From 87745f09d952fd76c7a7efc9fc789613e923bafa Mon Sep 17 00:00:00 2001
From: Chris PeBenito <chpebeni@linux.microsoft.com>
Date: Wed, 13 Nov 2019 14:23:57 -0500
Subject: [PATCH] unconfined: Add namespaced capabilities.

Signed-off-by: Chris PeBenito <chpebeni@linux.microsoft.com>
---
 policy/modules/system/unconfined.if | 4 ++--
 1 file changed, 2 insertions(+), 2 deletions(-)

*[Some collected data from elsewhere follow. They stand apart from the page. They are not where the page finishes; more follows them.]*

lemma Xnorm_cmult_le:
  assumes "x \<in> Xspace p" "0 < c" "p \<noteq> \<infinity> \<Longrightarrow> 0 < real_of_ereal p"
  shows "Xnorm p (\<lambda>n. c * x n) \<le> c * Xnorm p x"
proof (cases "p = \<infinity>")
  case True
  then have "bounded (range x)"
    using assms(1) by (intro convergent_imp_bounded) (auto simp: Xspace_def convergent_def)
  then have "bdd_above (range (\<lambda>n. \<bar>x n\<bar>))"
    by (auto simp: bounded_iff bdd_above_def)
  then have "\<bar>c * x n\<bar> \<le> c * (SUP n. \<bar>x n\<bar>)" for n
    using assms(2) cSUP_upper[of n UNIV "\<lambda>n. \<bar>x n\<bar>"] by (simp add: abs_mult)
  then show ?thesis
    using True by (simp add: Xnorm_def cSUP_least)
next
  case False
  define P where "P = real_of_ereal p"
  have P: "0 < P" and sm: "summable (\<lambda>n. \<bar>x n\<bar> powr P)"
    using assms False by (simp_all add: P_def Xspace_def)
  have "(\<Sum>n. \<bar>c * x n\<bar> powr P) = c powr P * (\<Sum>n. \<bar>x n\<bar> powr P)"
    using assms(2) suminf_mult[OF sm] by (simp add: abs_mult powr_mult)
  then have "Xnorm p (\<lambda>n. c * x n) = (c powr P * (\<Sum>n. \<bar>x n\<bar> powr P)) powr (1/P)"
    using False by (simp add: Xnorm_def P_def)
  also have "(c powr P * (\<Sum>n. \<bar>x n\<bar> powr P)) powr (1/P)
      = (c powr P) powr (1/P) * (\<Sum>n. \<bar>x n\<bar> powr P) powr (1/P)"
    by (rule powr_mult)
  also have "(c powr P) powr (1/P) = c"
    using P assms(2) by (simp add: powr_powr)
  finally show ?thesis
    using False by (simp add: Xnorm_def P_def)
qed

lemma mdom_zero: "(\<lambda>k n. 0) \<in> mdom M ps"
  unfolding mdom_def using finitely_supported_Xspace[of "\<lambda>n. 0"] by (auto simp: finitely_supported_def)

lemma sum_PiE_insert:
  assumes "x \<notin> S" "finite S" "\<And>i. finite (B i)"
  shows "(\<Sum>f\<in>PiE (insert x S) B. F f) = (\<Sum>y\<in>B x. \<Sum>g\<in>PiE S B. F (g(x := y)))"
proof -
  have "(\<Sum>f\<in>PiE (insert x S) B. F f) = (\<Sum>(y, g)\<in>B x \<times> PiE S B. F (g(x := y)))"
    unfolding PiE_insert_eq using inj_combinator[OF assms(1)]
    by (subst sum.reindex) (simp_all add: case_prod_unfold)
  also have "\<dots> = (\<Sum>y\<in>B x. \<Sum>g\<in>PiE S B. F (g(x := y)))"
    by (rule sum.cartesian_product[symmetric])
  finally show ?thesis .
qed

lemma sum_unit_vec: "(\<Sum>i<N. c i * unit_vec i n) = (if n < N then c n else 0)"
  by (simp add: unit_vec_def if_distrib[of "(*) _"] sum.delta cong: if_cong)

lemma sign_vector_eq_sum_unit_vec: "sign_vector N k = (\<lambda>n. \<Sum>y<N. sign_vector N k y * unit_vec y n)"
  by (auto simp: sum_unit_vec sign_vector_def)

definition with_units :: "(nat \<Rightarrow> nat \<Rightarrow> real) \<Rightarrow> nat set \<Rightarrow> (nat \<Rightarrow> nat) \<Rightarrow> nat \<Rightarrow> nat \<Rightarrow> real" where
  "with_units z K j = (\<lambda>k. if k \<in> K then unit_vec (j k) else z k)"

definition with_signs :: "nat \<Rightarrow> (nat \<Rightarrow> nat \<Rightarrow> real) \<Rightarrow> nat set \<Rightarrow> (nat \<Rightarrow> nat) \<Rightarrow> nat \<Rightarrow> nat \<Rightarrow> real" where
  "with_signs N z K \<kappa> = (\<lambda>k. if k \<in> K then sign_vector N (\<kappa> k) else z k)"

text \<open>\<open>\<kappa> k < 2\<^sup>N\<close> selects the sign vector that \<open>with_signs\<close> places into coordinate \<open>k \<in> K\<close>.\<close>
definition multi_sign_mean :: "nat \<Rightarrow> nat set \<Rightarrow> ((nat \<Rightarrow> nat) \<Rightarrow> real) \<Rightarrow> real" where
  "multi_sign_mean N K F = (\<Sum>\<kappa>\<in>PiE K (\<lambda>_. {..<2^N}). F \<kappa>) / (2^N)^card K"

lemma with_units_insert:
  "a \<notin> K \<Longrightarrow> with_units z (insert a K) (j(a := y)) = with_units (z(a := unit_vec y)) K j"
  unfolding with_units_def by (auto simp: fun_eq_iff)

lemma with_signs_insert:
  "a \<notin> K \<Longrightarrow> with_signs N z (insert a K) (\<kappa>(a := k)) = (with_signs N z K \<kappa>)(a := sign_vector N k)"
  unfolding with_signs_def by (auto simp: fun_eq_iff)

lemma with_signs_fun_upd:
  "a \<notin> K \<Longrightarrow> with_signs N (z(a := v)) K \<kappa> = (with_signs N z K \<kappa>)(a := v)"
  unfolding with_signs_def by (auto simp: fun_eq_iff)

lemma multi_sign_mean_empty: "multi_sign_mean N {} F = F (\<lambda>_. undefined)"
  by (simp add: multi_sign_mean_def)

lemma multi_sign_mean_insert:
  assumes "a \<notin> K" "finite K"
  shows "multi_sign_mean N (insert a K) F
           = multi_sign_mean N K (\<lambda>\<kappa>. (\<Sum>k<2^N. F (\<kappa>(a := k))) / 2^N)"
proof -
  have "(\<Sum>\<kappa>\<in>PiE (insert a K) (\<lambda>_. {..<2^N}). F \<kappa>) = (\<Sum>\<kappa>\<in>PiE K (\<lambda>_. {..<2^N}). \<Sum>k<2^N. F (\<kappa>(a := k)))"
    using assms by (simp add: sum_PiE_insert sum.swap[where A = "{..<2^N}"])
  then show ?thesis
    using assms by (simp add: multi_sign_mean_def sum_divide_distrib[symmetric] divide_divide_eq_left mult.commute)
qed

lemma multi_sign_mean_const: "finite K \<Longrightarrow> multi_sign_mean N K (\<lambda>_. c) = c"
  by (simp add: multi_sign_mean_def card_PiE)

lemma multi_sign_mean_mono:
  "(\<And>\<kappa>. \<kappa> \<in> PiE K (\<lambda>_. {..<2^N}) \<Longrightarrow> F \<kappa> \<le> G \<kappa>) \<Longrightarrow> multi_sign_mean N K F \<le> multi_sign_mean N K G"
  unfolding multi_sign_mean_def by (intro divide_right_mono sum_mono) auto

lemma multi_sign_mean_nonneg: "(\<And>\<kappa>. 0 \<le> F \<kappa>) \<Longrightarrow> 0 \<le> multi_sign_mean N K F"
  unfolding multi_sign_mean_def by (intro divide_nonneg_nonneg sum_nonneg) auto

lemma multi_sign_mean_sum:
  "multi_sign_mean N K (\<lambda>\<kappa>. \<Sum>i\<in>I. F i \<kappa>) = (\<Sum>i\<in>I. multi_sign_mean N K (F i))"
  unfolding multi_sign_mean_def by (simp add: sum.swap[of _ I] sum_divide_distrib)

locale multilinear_functional =
  fixes M :: nat and ps :: "nat \<Rightarrow> ereal" and T :: "(nat \<Rightarrow> nat \<Rightarrow> real) \<Rightarrow> real"
  assumes multilinear: "multilinear_form M ps T"
begin

lemma mdom_fun_upd: "x \<in> mdom M ps \<Longrightarrow> k < M \<Longrightarrow> u \<in> Xspace (ps k) \<Longrightarrow> x(k := u) \<in> mdom M ps"
  unfolding mdom_def by auto

lemma linear_in_coordinate:
  "x \<in> mdom M ps \<Longrightarrow> k < M \<Longrightarrow> u \<in> Xspace (ps k) \<Longrightarrow> v \<in> Xspace (ps k) \<Longrightarrow>
     T (x(k := (\<lambda>n. a * u n + b * v n))) = a * T (x(k := u)) + b * T (x(k := v))"
  using multilinear unfolding multilinear_form_def by blast

lemma sum_in_coordinate:
  assumes x: "x \<in> mdom M ps" and k: "k < M" and J: "finite J"
    and u: "\<And>j. j \<in> J \<Longrightarrow> finitely_supported (u j)"
  shows "T (x(k := (\<lambda>n. \<Sum>j\<in>J. c j * u j n))) = (\<Sum>j\<in>J. c j * T (x(k := u j)))"
  using J u
proof (induction J rule: finite_induct)
  case empty
  have "T (x(k := (\<lambda>n. 0 * 0 + 0 * 0))) = 0 * T (x(k := (\<lambda>n. 0))) + 0 * T (x(k := (\<lambda>n. 0)))"
    using finitely_supported_Xspace[of "\<lambda>n. 0"]
    by (intro linear_in_coordinate[OF x k]) (auto simp: finitely_supported_def)
  then have "T (x(k := (\<lambda>n. 0))) = 0"
    by simp
  then show ?case
    by (simp only: sum.empty)
next
  case (insert j J)
  have "(\<lambda>n. \<Sum>j\<in>insert j J. c j * u j n) = (\<lambda>n. c j * u j n + 1 * (\<Sum>j\<in>J. c j * u j n))"
    using insert(1,2) by simp
  moreover have "T (x(k := (\<lambda>n. c j * u j n + 1 * (\<Sum>j\<in>J. c j * u j n))))
      = c j * T (x(k := u j)) + 1 * T (x(k := (\<lambda>n. \<Sum>j\<in>J. c j * u j n)))"
    using insert by (intro linear_in_coordinate[OF x k] finitely_supported_Xspace finitely_supported_sum) auto
  moreover have "T (x(k := (\<lambda>n. \<Sum>j\<in>J. c j * u j n))) = (\<Sum>j\<in>J. c j * T (x(k := u j)))"
    using insert by blast
  ultimately show ?case
    by (simp only: sum.insert[OF insert(1,2)] mult_1)
qed

lemma scale_coordinates:
  assumes x: "x \<in> mdom M ps" and m: "m \<le> M"
  shows "(\<lambda>k n. if k < m then c * x k n else x k n) \<in> mdom M ps
       \<and> T (\<lambda>k n. if k < m then c * x k n else x k n) = c^m * T x"
  using m
proof (induction m)
  case (Suc m)
  define y where "y = (\<lambda>k n. if k < m then c * x k n else x k n)"
  have y: "y \<in> mdom M ps" "T y = c^m * T x"
    using Suc by (auto simp: y_def)
  have xm: "x m \<in> Xspace (ps m)"
    using x Suc.prems by (auto simp: mdom_def)
  have m: "m < M"
    using Suc.prems by simp
  have "(\<lambda>k n. if k < Suc m then c * x k n else x k n) = y(m := (\<lambda>n. c * x m n + 0 * x m n))"
    by (auto simp: y_def fun_eq_iff)
  moreover have "y(m := (\<lambda>n. c * x m n + 0 * x m n)) \<in> mdom M ps"
    using Xspace_cmult[OF xm, of c] by (intro mdom_fun_upd[OF y(1) m]) simp
  moreover have "T (y(m := (\<lambda>n. c * x m n + 0 * x m n))) = c * T (y(m := x m))"
    using linear_in_coordinate[OF y(1) m xm xm, of c 0] by simp
  moreover have "y(m := x m) = y"
    by (auto simp: y_def)
  ultimately show ?case
    using y(2) by simp
qed (use x in simp)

diff --git a/policy/modules/system/unconfined.if b/policy/modules/system/unconfined.if
index 0a2f7a860..f2867c18f 100644
--- a/policy/modules/system/unconfined.if
+++ b/policy/modules/system/unconfined.if
@@ -20,8 +20,8 @@ interface(`unconfined_domain_noaudit',`
 	')
 
 	# Use most Linux capabilities
-	allow $1 self:capability { chown dac_override dac_read_search fowner fsetid kill setgid setuid setpcap linux_immutable net_bind_service net_broadcast net_admin net_raw ipc_lock ipc_owner sys_rawio sys_chroot sys_ptrace sys_pacct sys_admin sys_boot sys_nice sys_resource sys_time sys_tty_config mknod lease audit_write audit_control setfcap };
-	allow $1 self:capability2 { syslog wake_alarm };
+	allow $1 self:{ capability cap_userns } { chown dac_override dac_read_search fowner fsetid kill setgid setuid setpcap linux_immutable net_bind_service net_broadcast net_admin net_raw ipc_lock ipc_owner sys_rawio sys_chroot sys_ptrace sys_pacct sys_admin sys_boot sys_nice sys_resource sys_time sys_tty_config mknod lease audit_write audit_control setfcap };
+	allow $1 self:{ capability2 cap2_userns } { syslog wake_alarm };
 	allow $1 self:fifo_file manage_fifo_file_perms;
 
 	# Transition to myself, to make get_ordered_context_list happy.